Menino said healthcare centers across the city would offer free vaccines to anyone who hasn't yet been immunized for flu. A list is available at the city's website http://www.cityofboston.gov/.
The Massachusetts Department of Public Health said there have been 18 flu-related deaths this season -- a flu season that came about five weeks earlier than usual.
"We're off to an early start nationally and in Massachusetts," Kevin Cranston, director of the department's Bureau of Infectious Disease, told reporters.
He said 91 percent of the viruses found in laboratory testing this year were well-matched to the seasonal flu vaccine and suggested people who have not yet been vaccinated to get a flu shot, although it takes two weeks for it to be effective.
The flu season this year is considered moderately severe, more severe than average, but not unprecedented in severity, The Boston Globe reported.

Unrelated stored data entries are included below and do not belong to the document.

lemma mat_lattice_mult_left_subset:
  assumes "E \<in> carrier_mat n n" "A \<in> carrier_mat n n"
  shows "mat_lattice n (E * A) \<subseteq> mat_lattice n A"
proof
  fix x assume "x \<in> mat_lattice n (E * A)"
  then obtain c where c: "x = (\<lambda>j. if j \<in> {..<n} then (\<Sum>i\<in>{..<n}. c i * (E * A) $$ (i, j)) else 0)"
    by (rule row_lattice_memE)
  have "(\<Sum>i<n. c i * (E * A) $$ (i, j)) = (\<Sum>k<n. (\<Sum>i<n. c i * E $$ (i, k)) * A $$ (k, j))"
    if "j < n" for j
  proof -
    have "(\<Sum>i<n. c i * (E * A) $$ (i, j)) = (\<Sum>i<n. \<Sum>k<n. c i * E $$ (i, k) * A $$ (k, j))"
      using assms that by (simp add: index_mult_mat_sum sum_distrib_left mult.assoc del: index_mult_mat)
    also have "\<dots> = (\<Sum>k<n. (\<Sum>i<n. c i * E $$ (i, k)) * A $$ (k, j))"
      by (subst sum.swap) (simp add: sum_distrib_right)
    finally show ?thesis .
  qed
  then have "x = (\<lambda>j. if j \<in> {..<n} then (\<Sum>k\<in>{..<n}. (\<Sum>i<n. c i * E $$ (i, k)) * A $$ (k, j)) else 0)"
    by (auto simp: c)
  then show "x \<in> mat_lattice n A" by (simp only: row_lattice_memI)
qed

lemma mat_lattice_mult_left_invertible:
  assumes E: "E \<in> carrier_mat n n" and F: "F \<in> carrier_mat n n" and FE: "F * E = 1\<^sub>m n"
    and A: "A \<in> carrier_mat n n"
  shows "mat_lattice n (E * A) = mat_lattice n A"
proof
  show "mat_lattice n (E * A) \<subseteq> mat_lattice n A" using E A by (rule mat_lattice_mult_left_subset)
  have "F * (E * A) = A" using E F A FE by (simp flip: assoc_mult_mat[OF F E A])
  then show "mat_lattice n A \<subseteq> mat_lattice n (E * A)"
    using mat_lattice_mult_left_subset[OF F mult_carrier_mat[OF E A]] by simp
qed

lemma mat_lattice_addrow:
  assumes "A \<in> carrier_mat n n" "k < n" "l < n" "k \<noteq> l"
  shows "mat_lattice n (addrow a k l A) = mat_lattice n A"
  using mat_lattice_mult_left_invertible[OF addrow_mat_carrier addrow_mat_carrier
      addrow_mat_inv[of k n l "- a", simplified] \<open>A \<in> carrier_mat n n\<close>] assms
  by (simp add: addrow_mat)

lemma mat_lattice_swaprows:
  assumes "A \<in> carrier_mat n n" "k < n" "l < n"
  shows "mat_lattice n (swaprows k l A) = mat_lattice n A"
  using mat_lattice_mult_left_invertible[OF swaprows_mat_carrier swaprows_mat_carrier
      swaprows_mat_inv \<open>A \<in> carrier_mat n n\<close>] assms
  by (simp add: swaprows_mat)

Hospitals and other healthcare facilities in Boston and Massachusetts were taking infectious diseases procedures to limit the spread of flu -- precautions not taken since the 2009 H1N1 "swine flu" pandemic -- such as prohibiting visits from children age 16 and younger. Children catch the flu more frequently at school and then spread it throughout the family and community.
Cranston said healthcare providers and hospitals have had to treat a significant number of cases of norovirus, an intestinal illness not related to influenza.